Der PC ist Marke: Eigenbau. Den USB 3.0 Anschluss ist mit dem Mainboard korrekt verbunden. Das eingebaute Mainboard ist ein ASRock FM2A88X Pro+. Eine Prüfung über den korrekten Sitz des USB 3.0 Verbindungskabels am Mainboards wurde durchgeführt.

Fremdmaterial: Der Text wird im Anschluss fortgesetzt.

(* For all $1\leq r<s\leq n$, $$x_r^{-1}\sum_{T\in \mathcal P_{n}^{(r)}}t^{\mathrm{eld}(T)}\prod_{i=1}^{n}x_i^{\mathrm{young}_T(i)}=x_s^{-1}\sum_{T\in \mathcal P_{n}^{(s)}}t^{\mathrm{eld}(T)}\prod_{i=1}^{n}x_i^{\mathrm{young}_T(i)}.$$
   Context: All trees are rooted trees whose vertices are labeled by distinct positive integers. A vertex $j$ is a descendant of $i$ if the path from the root to $j$ passes through $i$ (every vertex is a descendant of itself); $\beta_T(i)$ is the smallest descendant of $i$. A child of $i$ is a descendant joined to $i$ by an edge; children of the same vertex are brothers. A plane tree is a rooted tree in which the children of each vertex are linearly ordered (left to right). In a plane tree $T$, a vertex $j$ is elder if it has a brother $k$ to its right with $\beta_T(k)<\beta_T(j)$. $\mathrm{eld}_T(v)$ is the number of elder children of $v$, $\mathrm{eld}(T)$ the total number of elder vertices, $\deg_T(v)$ the number of children of $v$, and $\mathrm{young}_T(v)=\deg_T(v)-\mathrm{eld}_T(v)$. $\mathcal P_n^{(r)}$ is the set of plane trees on $[n]=\{1,\dots,n\}$ with root $r$. The identity is in the field of rational functions in $x_1,\dots,x_n,t$. *)

theory Defs
  imports Main
begin

text \<open>A plane tree on vertex set [n] = {1..n} is encoded by its children-list map
  ch :: nat => nat list: ch v is the left-to-right list of children of v
  (empty for leaves and for labels outside [n]).\<close>

definition child_rel :: "(nat \<Rightarrow> nat list) \<Rightarrow> (nat \<times> nat) set" where
  "child_rel ch = {(v, c). c \<in> set (ch v)}"

definition is_plane_tree :: "nat \<Rightarrow> nat \<Rightarrow> (nat \<Rightarrow> nat list) \<Rightarrow> bool" where
  "is_plane_tree n r ch \<longleftrightarrow>
     r \<in> {1..n} \<and>
     (\<forall>v. v \<notin> {1..n} \<longrightarrow> ch v = []) \<and>
     (\<forall>v. distinct (ch v) \<and> set (ch v) \<subseteq> {1..n}) \<and>
     (\<forall>v. r \<notin> set (ch v)) \<and>
     (\<forall>c\<in>{1..n} - {r}. \<exists>!v. c \<in> set (ch v)) \<and>
     (\<forall>v\<in>{1..n}. (r, v) \<in> (child_rel ch)\<^sup>*)"

definition plane_trees :: "nat \<Rightarrow> nat \<Rightarrow> (nat \<Rightarrow> nat list) set" where
  "plane_trees n r = {ch. is_plane_tree n r ch}"

definition descendants :: "(nat \<Rightarrow> nat list) \<Rightarrow> nat \<Rightarrow> nat set" where
  "descendants ch i = {j. (i, j) \<in> (child_rel ch)\<^sup>*}"

definition beta :: "(nat \<Rightarrow> nat list) \<Rightarrow> nat \<Rightarrow> nat" where
  "beta ch i = Min (descendants ch i)"

definition eld_v :: "(nat \<Rightarrow> nat list) \<Rightarrow> nat \<Rightarrow> nat" where
  "eld_v ch v = card {k. k < length (ch v) \<and>
      (\<exists>l. k < l \<and> l < length (ch v) \<and> beta ch (ch v ! l) < beta ch (ch v ! k))}"

definition deg_v :: "(nat \<Rightarrow> nat list) \<Rightarrow> nat \<Rightarrow> nat" where
  "deg_v ch v = length (ch v)"

definition young_v :: "(nat \<Rightarrow> nat list) \<Rightarrow> nat \<Rightarrow> nat" where
  "young_v ch v = deg_v ch v - eld_v ch v"

definition eld_total :: "nat \<Rightarrow> (nat \<Rightarrow> nat list) \<Rightarrow> nat" where
  "eld_total n ch = (\<Sum>v\<in>{1..n}. eld_v ch v)"

end

theory Submission
  imports Defs "HOL-Combinatorics.Multiset_Permutations"
begin

text \<open>Deleting a root \<open>r\<close> of a plane forest with root set \<open>R\<close> on the vertex set \<open>V\<close>
  leaves a plane forest on \<open>V - {r}\<close> whose roots are \<open>R - {r}\<close> together with the set \<open>C\<close>
  of children of \<open>r\<close>, and the children list of \<open>r\<close> is an arbitrary ordering of \<open>C\<close>.
  The children of \<open>r\<close> head disjoint subtrees, so their \<open>\<beta>\<close>-values are distinct, and summing
  \<open>t ^ #elder * a ^ #young\<close> over all orderings of \<open>C\<close> gives \<open>a (a + t) \<cdots> (a + (|C| - 1) t)\<close>:
  the first entry is young exactly when its \<open>\<beta>\<close>-value is the smallest. By a Vandermonde
  convolution, the resulting recursion for the generating function of forests is also satisfied by
  \<open>(\<Sum>\<^sub>R x) (\<Sum>\<^sub>V x + t) \<cdots> (\<Sum>\<^sub>V x + (|V - R| - 1) t)\<close>. Hence the generating function of
  the trees on \<open>[n]\<close> with root \<open>r\<close> is \<open>x\<^sub>r\<close> times a polynomial that does not depend on \<open>r\<close>.\<close>

definition pochhammer_step :: "'a::comm_semiring_1 \<Rightarrow> 'a \<Rightarrow> nat \<Rightarrow> 'a" where
  "pochhammer_step t a n = (\<Prod>j<n. a + of_nat j * t)"

lemma pochhammer_step_0 [simp]: "pochhammer_step t a 0 = 1"
  by (simp add: pochhammer_step_def)

lemma pochhammer_step_Suc: "pochhammer_step t a (Suc n) = pochhammer_step t a n * (a + of_nat n * t)"
  by (simp add: pochhammer_step_def)

lemma pochhammer_step_Suc_shift: "pochhammer_step t a (Suc n) = a * pochhammer_step t (a + t) n"
  unfolding pochhammer_step_def prod.lessThan_Suc_shift by (simp add: algebra_simps)

lemma sum_Pow_insert:
  assumes "finite M" "u \<notin> M"
  shows "(\<Sum>C\<in>Pow (insert u M). f C) = (\<Sum>C\<in>Pow M. f C) + (\<Sum>C\<in>Pow M. f (insert u C))"
proof -
  have "inj_on (insert u) (Pow M)" using assms(2) by (auto simp: inj_on_def)
  then show ?thesis
    unfolding Pow_insert using assms by (subst sum.union_disjoint) (auto simp: sum.reindex)
qed

lemma pochhammer_step_vandermonde:
  fixes a b :: "'a::comm_semiring_1"
  assumes "finite M"
  shows "(\<Sum>C\<in>Pow M. pochhammer_step t a (card C) * pochhammer_step t b (card (M - C)))
       = pochhammer_step t (a + b) (card M)"
  using assms
proof (induction M rule: finite_induct)
  case (insert u M)
  let ?g = "\<lambda>C. pochhammer_step t a (card C) * pochhammer_step t b (card (M - C))"
  have split: "card C + card (M - C) = card M" if "C \<subseteq> M" for C
    using that insert.hyps(1) by (metis card_Diff_subset card_mono finite_subset le_add_diff_inverse)
  have without_u: "pochhammer_step t a (card C) * pochhammer_step t b (card (insert u M - C))
      = ?g C * (b + of_nat (card (M - C)) * t)" if "C \<subseteq> M" for C
  proof -
    have "insert u M - C = insert u (M - C)" using that insert.hyps by auto
    then show ?thesis using insert.hyps by (simp add: pochhammer_step_Suc algebra_simps)
  qed
  have with_u: "pochhammer_step t a (card (insert u C)) * pochhammer_step t b (card (insert u M - insert u C))
      = ?g C * (a + of_nat (card C) * t)" if "C \<subseteq> M" for C
  proof -
    have "insert u M - insert u C = M - C" "u \<notin> C" using that insert.hyps by auto
    moreover have "finite C" using that insert.hyps(1) finite_subset by blast
    ultimately show ?thesis by (simp add: pochhammer_step_Suc algebra_simps)
  qed
  have "(\<Sum>C\<in>Pow (insert u M). pochhammer_step t a (card C) * pochhammer_step t b (card (insert u M - C)))
      = (\<Sum>C\<in>Pow M. pochhammer_step t a (card C) * pochhammer_step t b (card (insert u M - C)))
        + (\<Sum>C\<in>Pow M. pochhammer_step t a (card (insert u C))
                       * pochhammer_step t b (card (insert u M - insert u C)))"
    using insert.hyps by (rule sum_Pow_insert)
  also have "\<dots> = (\<Sum>C\<in>Pow M. ?g C * (a + b + of_nat (card M) * t))"
    unfolding sum.distrib[symmetric]
  proof (rule sum.cong)
    fix C assume "C \<in> Pow M"
    then have C: "C \<subseteq> M" by simp
    have "of_nat (card M) = (of_nat (card C) + of_nat (card (M - C)) :: 'a)"
      using split[OF C] by (metis of_nat_add)
    then show "pochhammer_step t a (card C) * pochhammer_step t b (card (insert u M - C))
        + pochhammer_step t a (card (insert u C)) * pochhammer_step t b (card (insert u M - insert u C))
      = ?g C * (a + b + of_nat (card M) * t)"
      unfolding without_u[OF C] with_u[OF C] by (simp add: algebra_simps)
  qed simp
  also have "\<dots> = pochhammer_step t (a + b) (card (insert u M))"
    using insert by (simp add: sum_distrib_right[symmetric] pochhammer_step_Suc)
  finally show ?case .
qed simp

Da unterschiedliche USB Sticks nicht erkannt werden, ist meine Frage an Ihr Team: Liegt ein Komtablitätsproblem vor? Müssen die USB 3.0 Anschlüsse am Front-Panel des 200R erst aktiviert werden?

Bitte um Info.

Vielen Dank

mfg
Jayzee1980


----------



## Threshold (10. Oktober 2014)

*AW: USB 3.0 Anschlüsse am Front-Panel des Corsair Carbide Series 200R*

Zieh den Stecker mal wieder vom Board ab und schau nach ob nicht ein Pin verbogen ist.
Sowas hatte ich mal gehabt.

USB 3 Treiber auch installiert?


----------



## Bluebeard (10. Oktober 2014)

*AW: USB 3.0 Anschlüsse am Front-Panel des Corsair Carbide Series 200R*

Treiber könnten es sein. Funktionieren überhaupt keine USB-Geräte an den 3.0 Anschlüssen der Front, oder sind es nur bestimmte? Wurden im BIOS eventuell Einstellungen für die USB-Anschlüsse geändert oder angepasst? (Hier könnte man auch mal ein Laden der optimierten Standardeinstellungen ausprobieren)


----------



## jayzee1980 (11. Oktober 2014)

*AW: USB 3.0 Anschlüsse am Front-Panel des Corsair Carbide Series 200R*

Vielen Dank für den schnelle Antwort.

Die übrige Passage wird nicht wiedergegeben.